[Start of section]
lemma min_dist_eqI:
  fixes C :: "(nat \<Rightarrow> 'a::field) set"
  assumes sub: "fv.subspace C" and w: "w \<in> C" "w \<noteq> 0" "hamming_weight n w = d"
    and lb: "\<And>v. v \<in> C \<Longrightarrow> v \<noteq> 0 \<Longrightarrow> d \<le> hamming_weight n v"
  shows "min_dist n C = d"
  unfolding min_dist_def
proof (rule Min_eqI)
  let ?D = "{hamming_dist n u v |u v. u \<in> C \<and> v \<in> C \<and> u \<noteq> v}"
  show "finite ?D"
    by (rule finite_subset[of _ "{..n}"]) (auto simp: hamming_dist_eq_weight hamming_weight_le)
  show "d \<le> y" if "y \<in> ?D" for y
    using that lb fv.subspace_diff[OF sub] by (auto simp: hamming_dist_eq_weight)
  have "hamming_dist n w 0 = d" using w by (simp add: hamming_dist_eq_weight)
  then show "d \<in> ?D" using w fv.subspace_0[OF sub] by blast
qed

text \<open>The parity-check equations of the code described above, solved for the last two
  coordinates \<open>q\<close> and \<open>q + 1\<close>.\<close>

definition ext_code :: "nat \<Rightarrow> (nat \<Rightarrow> 'a) \<Rightarrow> (nat \<Rightarrow> 'a::field) \<Rightarrow> (nat \<Rightarrow> 'a) set" where
  "ext_code q e \<mu> = {v \<in> fvecs (q + 2). (\<Sum>i<q. \<mu> i * v i) = 0
     \<and> v q = - (\<Sum>i<q. \<mu> i * e i * v i) \<and> v (Suc q) = - (\<Sum>i<q. \<mu> i * e i ^ 2 * v i)}"

lemma subspace_ext_code: "fv.subspace (ext_code q e \<mu>)"
proof (rule fv.subspaceI)
  have add: "(\<Sum>i<q. f i * (x i + y i)) = (\<Sum>i<q. f i * x i) + (\<Sum>i<q. f i * y i)"
    and scale: "(\<Sum>i<q. f i * (c * x i)) = c * (\<Sum>i<q. f i * x i)"
    for f x y :: "nat \<Rightarrow> 'a" and c
    by (simp_all add: distrib_left sum.distrib sum_distrib_left mult.left_commute)
  show "0 \<in> ext_code q e \<mu>" by (simp add: ext_code_def fvecs_def)
  show "x + y \<in> ext_code q e \<mu>" if "x \<in> ext_code q e \<mu>" "y \<in> ext_code q e \<mu>" for x y
    using that by (simp add: ext_code_def fvecs_def add)
  show "vscale c x \<in> ext_code q e \<mu>" if "x \<in> ext_code q e \<mu>" for c x
    using that by (simp add: ext_code_def fvecs_def vscale_def scale)
qed

lemma ext_code_eq_0:
  assumes v: "v \<in> ext_code q e \<mu>" and head: "\<And>i. i < q \<Longrightarrow> v i = 0"
  shows "v = 0"
proof
  fix i
  have "v q = 0" "v (Suc q) = 0" using v head by (simp_all add: ext_code_def)
  moreover have "v i = 0" if "q + 2 \<le> i" using v that by (simp add: ext_code_def fvecs_def)
  moreover have "i < q \<or> i = q \<or> i = Suc q \<or> q + 2 \<le> i" by arith
  ultimately show "v i = 0 i" using head by auto
qed

lemma subspace_vanishing:
  "fv.subspace V \<Longrightarrow> fv.subspace {v \<in> V. \<forall>i\<in>T. v i = 0}"
  by (auto simp: fv.subspace_def vscale_def)

lemma sum_lessThan_support:
  fixes v :: "nat \<Rightarrow> 'a::semiring_0"
  shows "(\<Sum>i<q. f i * v i) = (\<Sum>i | i < q \<and> v i \<noteq> 0. f i * v i)"
  by (rule sum.mono_neutral_right) auto

text \<open>Entry \<open>1\<close> at \<open>s\<close>; the first check equation forces the entry at \<open>r\<close>, the other
  two the entries at \<open>q\<close> and \<open>q + 1\<close>.\<close>

definition pair_word :: "nat \<Rightarrow> (nat \<Rightarrow> 'a) \<Rightarrow> (nat \<Rightarrow> 'a::field) \<Rightarrow> nat \<Rightarrow> nat \<Rightarrow> nat \<Rightarrow> 'a" where
  "pair_word q e \<mu> s r = (\<lambda>i. if i = s then 1 else if i = r then - (\<mu> s / \<mu> r)
     else if i = q then - (\<mu> s * (e s - e r))
     else if i = Suc q then - (\<mu> s * (e s ^ 2 - e r ^ 2)) else 0)"

lemma pair_word_in_ext_code:
  assumes "s < q" "r < q" "s \<noteq> r" "\<mu> r \<noteq> 0"
  shows "pair_word q e \<mu> s r \<in> ext_code q e \<mu>"
proof -
  let ?w = "pair_word q e \<mu> s r"
  have "(\<Sum>i<q. f i * ?w i) = (\<Sum>i\<in>{s, r}. f i * ?w i)" for f
    using assms by (intro sum.mono_neutral_right) (auto simp: pair_word_def)
  then have sums: "(\<Sum>i<q. f i * ?w i) = f s - f r * \<mu> s / \<mu> r" for f
    using assms by (simp add: pair_word_def)
  show ?thesis
    using assms sums[of \<mu>] sums[of "\<lambda>i. \<mu> i * e i"] sums[of "\<lambda>i. \<mu> i * e i ^ 2"]
    by (simp add: ext_code_def fvecs_def pair_word_def field_simps)
qed

lemma hamming_weight_pair_word:
  fixes \<mu> :: "nat \<Rightarrow> 'a::field"
  assumes "s < q" "r < q" "s \<noteq> r" "\<mu> s \<noteq> 0" "\<mu> r \<noteq> 0" "e s \<noteq> e r" "(2::'a) = 0"
  shows "hamming_weight (q + 2) (pair_word q e \<mu> s r) = 4"
proof -
  have "{i. i < q + 2 \<and> pair_word q e \<mu> s r i \<noteq> 0} = {s, r, q, Suc q}"
    using assms by (auto simp: pair_word_def square_diff_char_two)
  then show ?thesis using assms by (simp add: hamming_weight_def)
qed

lemma ext_code_tail_of_support_two:
  fixes \<mu> :: "nat \<Rightarrow> 'a::field"
  assumes v: "v \<in> ext_code q e \<mu>" and A: "{i. i < q \<and> v i \<noteq> 0} = {a, b}" "a \<noteq> b"
    and \<mu>: "\<mu> a \<noteq> 0" and e: "e a \<noteq> e b" and two: "(2::'a) = 0"
  shows "v q \<noteq> 0 \<and> v (Suc q) \<noteq> 0"
proof -
  let ?\<alpha> = "\<mu> a * v a"
  have sums: "(\<Sum>i<q. f i * v i) = f a * v a + f b * v b" for f
    using sum_lessThan_support[where q=q and f=f and v=v] A by simp
  have b: "\<mu> b * v b = - ?\<alpha>"
    using v sums[of \<mu>] by (simp add: ext_code_def add_eq_0_iff)
  have moment: "(\<Sum>i<q. \<mu> i * e i ^ k * v i) = ?\<alpha> * (e a ^ k - e b ^ k)" for k
  proof -
    have "(\<Sum>i<q. \<mu> i * e i ^ k * v i) = e a ^ k * ?\<alpha> + e b ^ k * (\<mu> b * v b)"
      using sums[of "\<lambda>i. \<mu> i * e i ^ k"] by (simp add: algebra_simps)
    then show ?thesis unfolding b by (simp add: algebra_simps)
  qed
  have "v q = - (?\<alpha> * (e a - e b))" "v (Suc q) = - (?\<alpha> * (e a - e b) ^ 2)"
    using v moment[of 1] moment[of 2] by (simp_all add: ext_code_def square_diff_char_two[OF two])
  moreover have "?\<alpha> \<noteq> 0" using A \<mu> by auto
  ultimately show ?thesis using e by simp
qed

lemma ext_code_tail_of_support_three:
  fixes \<mu> :: "nat \<Rightarrow> 'a::field"
  assumes v: "v \<in> ext_code q e \<mu>" and A: "{i. i < q \<and> v i \<noteq> 0} = {a, b, c}"
    and abc: "a \<noteq> b" "b \<noteq> c" "a \<noteq> c" and \<mu>: "\<mu> a \<noteq> 0" and inj: "inj_on e {..<q}"
  shows "v q \<noteq> 0 \<or> v (Suc q) \<noteq> 0"
proof (rule ccontr)
  assume "\<not> ?thesis"
  then have tail: "v q = 0" "v (Suc q) = 0" by auto
  have sums: "(\<Sum>i<q. f i * v i) = f a * v a + f b * v b + f c * v c" for f
    using sum_lessThan_support[where q=q and f=f and v=v] A abc by (simp add: add.assoc)
  have "a < q" "b < q" "c < q" "v a \<noteq> 0" using A by auto
  then have "e a \<noteq> e b" "e b \<noteq> e c" "e a \<noteq> e c"
    using inj abc by (auto dest: inj_onD)
  then have "\<mu> a * v a = 0 \<and> \<mu> b * v b = 0 \<and> \<mu> c * v c = 0"
    using v tail sums[of \<mu>] sums[of "\<lambda>i. \<mu> i * e i"] sums[of "\<lambda>i. \<mu> i * e i ^ 2"]
    by (intro vandermonde3_eq_0) (auto simp: ext_code_def algebra_simps)
  then show False using \<open>v a \<noteq> 0\<close> \<mu> by simp
qed
lemma moebius_diff_bound:
  fixes P Q R S u1 u2 :: real
  assumes "R \<ge> 0" "S \<ge> 1" "\<bar>P * S - Q * R\<bar> = 1" "u1 \<in> {0..1}" "u2 \<in> {0..1}"
  shows "\<bar>(P * u1 + Q) / (R * u1 + S) - (P * u2 + Q) / (R * u2 + S)\<bar> \<le> 1 / (R + S)"
proof -
  define X1 X2 where "X1 = R * u1 + S" and "X2 = R * u2 + S"
  define m where "m = max u1 u2"
  have X: "X1 \<ge> 1" "X2 \<ge> 1"
    using assms by (simp_all add: X1_def X2_def add_increasing)
  have "(P * u1 + Q) / X1 - (P * u2 + Q) / X2 = (P * S - Q * R) * (u1 - u2) / (X1 * X2)"
    using X by (simp add: X1_def X2_def field_simps)
  then have diff: "\<bar>(P * u1 + Q) / X1 - (P * u2 + Q) / X2\<bar> = \<bar>u1 - u2\<bar> / (X1 * X2)"
    using assms(3) X by (simp add: abs_mult)
  have "\<bar>u1 - u2\<bar> * (R + S) \<le> m * (R + S)"
    using assms by (intro mult_right_mono) (auto simp: m_def)
  also have "\<dots> \<le> R * m + S"
    using assms by (auto simp: m_def max_def algebra_simps mult_left_le_one_le)
  also have "\<dots> \<le> X1 * X2"
  proof (cases "u1 \<le> u2")
    case True
    then have "R * m + S = X2" by (simp add: m_def X2_def)
    then show ?thesis using X mult_right_mono[of 1 X1 X2] by simp
  next
    case False
    then have "R * m + S = X1" by (simp add: m_def X1_def)
    then show ?thesis using X mult_left_mono[of 1 X2 X1] by simp
  qed
  finally have "\<bar>u1 - u2\<bar> / (X1 * X2) \<le> 1 / (R + S)"
    using X assms by (simp add: divide_simps)
  then show ?thesis
    using diff by (simp add: X1_def X2_def)
qed

lemma cf_val_lehner_digit:
  assumes "z \<in> {1..2}"
  shows "cf_val (lehner_digit z) = z"
proof -
  define d where "d = lehner_digit z"
  have alphabet: "d k = (2, -1) \<or> d k = (1, 1)" for k
    by (simp add: d_def lehner_digit_def)
  have bound: "\<bar>cf_fin d n 0 - z\<bar> \<le> inverse (real (Suc n))" for n
  proof -
    obtain P Q R S where m: "digit_maps_matrix d n = (P, Q, R, S)"
      by (cases "digit_maps_matrix d n") auto
    note bounds = digit_maps_matrix_bounds[OF m]
    define u1 where "u1 = of_int (fst (d n)) - (1::real)"
    define u2 where "u2 = (lehner ^^ n) z - 1"
    have u: "u1 \<in> {0..1}" "u2 \<in> {0..1}"
      using alphabet[of n] lehner_funpow_mem_Icc[OF assms, of n] by (auto simp: u1_def u2_def)
    have "cf_fin d n 0 = 1 + (P * u1 + Q) / (R * u1 + S)"
      using cf_fin_eq_digit_maps[of d n 0] digit_maps_matrix_eq[OF alphabet m u(1)]
      by (simp add: u1_def)
    moreover have "z = 1 + (P * u2 + Q) / (R * u2 + S)"
      using digit_maps_lehner_digit[OF assms, of n] digit_maps_matrix_eq[OF alphabet m u(2)]
      by (simp add: u2_def d_def)
    ultimately have "\<bar>cf_fin d n 0 - z\<bar> \<le> 1 / (R + S)"
      using moebius_diff_bound[of R S P Q u1 u2] bounds u by simp
    also have "\<dots> \<le> inverse (real (Suc n))"
      using bounds by (simp add: divide_simps)
    finally show ?thesis .
  qed
  have "\<forall>n. norm (cf_fin d n 0 - z) \<le> norm (inverse (real (Suc n))) * 1"
    using bound by simp
  then have "(\<lambda>n. cf_fin d n 0 - z) \<longlonglongrightarrow> 0"
    by (rule tendsto_0_le[OF LIMSEQ_inverse_real_of_nat always_eventually])
  then have "(\<lambda>n. cf_fin d n 0) \<longlonglongrightarrow> z"
    by (rule LIM_zero_cancel)
  then show ?thesis
    by (simp add: cf_val_def limI d_def)
qed

section \<open>Tails\<close>

lemma lehner_tail_eq:
  assumes "z \<in> {1..2}"
  shows "lehner_tail m z = lehner_sign z (Suc m) * (lehner ^^ Suc m) z"
proof -
  have sign: "(\<Prod>i\<le>m. - of_int (snd (lehner_digit z i))) = lehner_sign z (Suc m)"
    by (simp add: lehner_sign_def lessThan_Suc_atMost)
  have digits: "(\<lambda>k. lehner_digit z (m + 1 + k)) = lehner_digit ((lehner ^^ Suc m) z)"
    using lehner_digit_add[of z "Suc m"] by simp
  show ?thesis
    unfolding lehner_tail_def sign digits cf_val_lehner_digit[OF lehner_funpow_mem_Icc[OF assms]] ..
qed

lemma lehner_tail_add_eq:
  assumes "\<alpha> \<in> {1..2}" "\<beta> \<in> {1..2}"
    and "(lehner ^^ r) \<alpha> = (lehner ^^ s) \<beta>" "lehner_sign \<alpha> r = lehner_sign \<beta> s"
  shows "lehner_tail (r + k) \<alpha> = lehner_tail (s + k) \<beta>"
proof -
  have "lehner_tail (r + k) \<alpha> = lehner_sign \<alpha> (r + Suc k) * (lehner ^^ (r + Suc k)) \<alpha>"
    using lehner_tail_eq[OF assms(1)] by simp
  also have "\<dots> = lehner_sign \<beta> (s + Suc k) * (lehner ^^ (s + Suc k)) \<beta>"
    using assms(3,4) by (simp only: lehner_sign_add funpow_add_apply)
  also have "\<dots> = lehner_tail (s + k) \<beta>"
    using lehner_tail_eq[OF assms(2)] by simp
  finally show ?thesis .
qed

lemma psl2z_equiv_lehner:
  assumes "v \<in> {1<..<2}"
  shows "psl2z_equiv v ((if v < 3/2 then 1 else -1) * lehner v)"
proof (cases "v < 3/2")
  case True
  then have "(if v < 3/2 then 1 else -1) * lehner v = (of_int 0 * v + of_int 1) / (of_int (-1) * v + of_int 2)"
    by (simp add: lehner_def)
  then show ?thesis
    unfolding psl2z_equiv_def by (intro exI[of _ 0] exI[of _ 1] exI[of _ "-1"] exI[of _ 2]) simp
next
  case False
  then have "(if v < 3/2 then 1 else -1) * lehner v = (of_int 0 * v + of_int (-1)) / (of_int 1 * v + of_int (-1))"
    by (simp add: lehner_def)
  then show ?thesis
    unfolding psl2z_equiv_def by (intro exI[of _ 0] exI[of _ "-1"] exI[of _ 1] exI[of _ "-1"]) simp
qed

lemma psl2z_equiv_mult_sign:
  assumes "c = 1 \<or> c = -1" and "psl2z_equiv x y"
  shows "psl2z_equiv (c * x) (c * y)"
  using assms psl2z_equiv_uminus by auto

lemma psl2z_equiv_signed_iterate:
  assumes z: "z \<in> {1<..<2} - \<rat>"
  shows "psl2z_equiv z (lehner_sign z n * (lehner ^^ n) z)"
proof (induction n)
  case 0
  show ?case by (simp add: psl2z_equiv_refl)
next
  case (Suc n)
  define v where "v = (lehner ^^ n) z"
  have "psl2z_equiv (lehner_sign z n * v) (lehner_sign z n * ((if v < 3/2 then 1 else -1) * lehner v))"
    using psl2z_equiv_mult_sign[OF lehner_sign_cases psl2z_equiv_lehner] lehner_funpow_irrational[OF z, of n]
    by (simp add: v_def)
  moreover have "lehner_sign z n * ((if v < 3/2 then 1 else -1) * lehner v) =
                  lehner_sign z (Suc n) * (lehner ^^ Suc n) z"
    by (simp add: lehner_sign_Suc v_def)
  ultimately have "psl2z_equiv (lehner_sign z n * (lehner ^^ n) z) (lehner_sign z (Suc n) * (lehner ^^ Suc n) z)"
    by (simp only: v_def)
  then show ?case
    using psl2z_equiv_trans[OF _ Suc.IH] z by blast
qed

section \<open>Orbit equivalence\<close>

definition lehner_normalize :: "real \<Rightarrow> real" where
  "lehner_normalize x = x - of_int \<lfloor>x\<rfloor> + 1"

definition lehner_orbit_equiv :: "real \<Rightarrow> real \<Rightarrow> bool" where
  "lehner_orbit_equiv x y \<longleftrightarrow>
     (\<exists>r s. (lehner ^^ r) (lehner_normalize x) = (lehner ^^ s) (lehner_normalize y) \<and>
            lehner_sign (lehner_normalize x) r = lehner_sign (lehner_normalize y) s)"

lemma lehner_normalize_eq:
  assumes "x - of_int n \<in> {1..<2}"
  shows "lehner_normalize x = x - of_int n"
proof -
  have "\<lfloor>x\<rfloor> = n + 1"
    using assms by (simp add: floor_eq_iff)
  then show ?thesis
    by (simp add: lehner_normalize_def)
qed

lemma lehner_normalize_add_int: "lehner_normalize (x + of_int n) = lehner_normalize x"
  by (simp add: lehner_normalize_def)

lemma lehner_orbit_equiv_sym: "lehner_orbit_equiv x y \<Longrightarrow> lehner_orbit_equiv y x"
  unfolding lehner_orbit_equiv_def by metis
[End of section]
» **WHAT TO WORK ON**: Lines after the one containing "unfolding min_dist_def" are not wanted; repeat exactly each line above from the first up to and including it.

» **EXPECTED OUTPUT**:
lemma min_dist_eqI:
  fixes C :: "(nat \<Rightarrow> 'a::field) set"
  assumes sub: "fv.subspace C" and w: "w \<in> C" "w \<noteq> 0" "hamming_weight n w = d"
    and lb: "\<And>v. v \<in> C \<Longrightarrow> v \<noteq> 0 \<Longrightarrow> d \<le> hamming_weight n v"
  shows "min_dist n C = d"
  unfolding min_dist_def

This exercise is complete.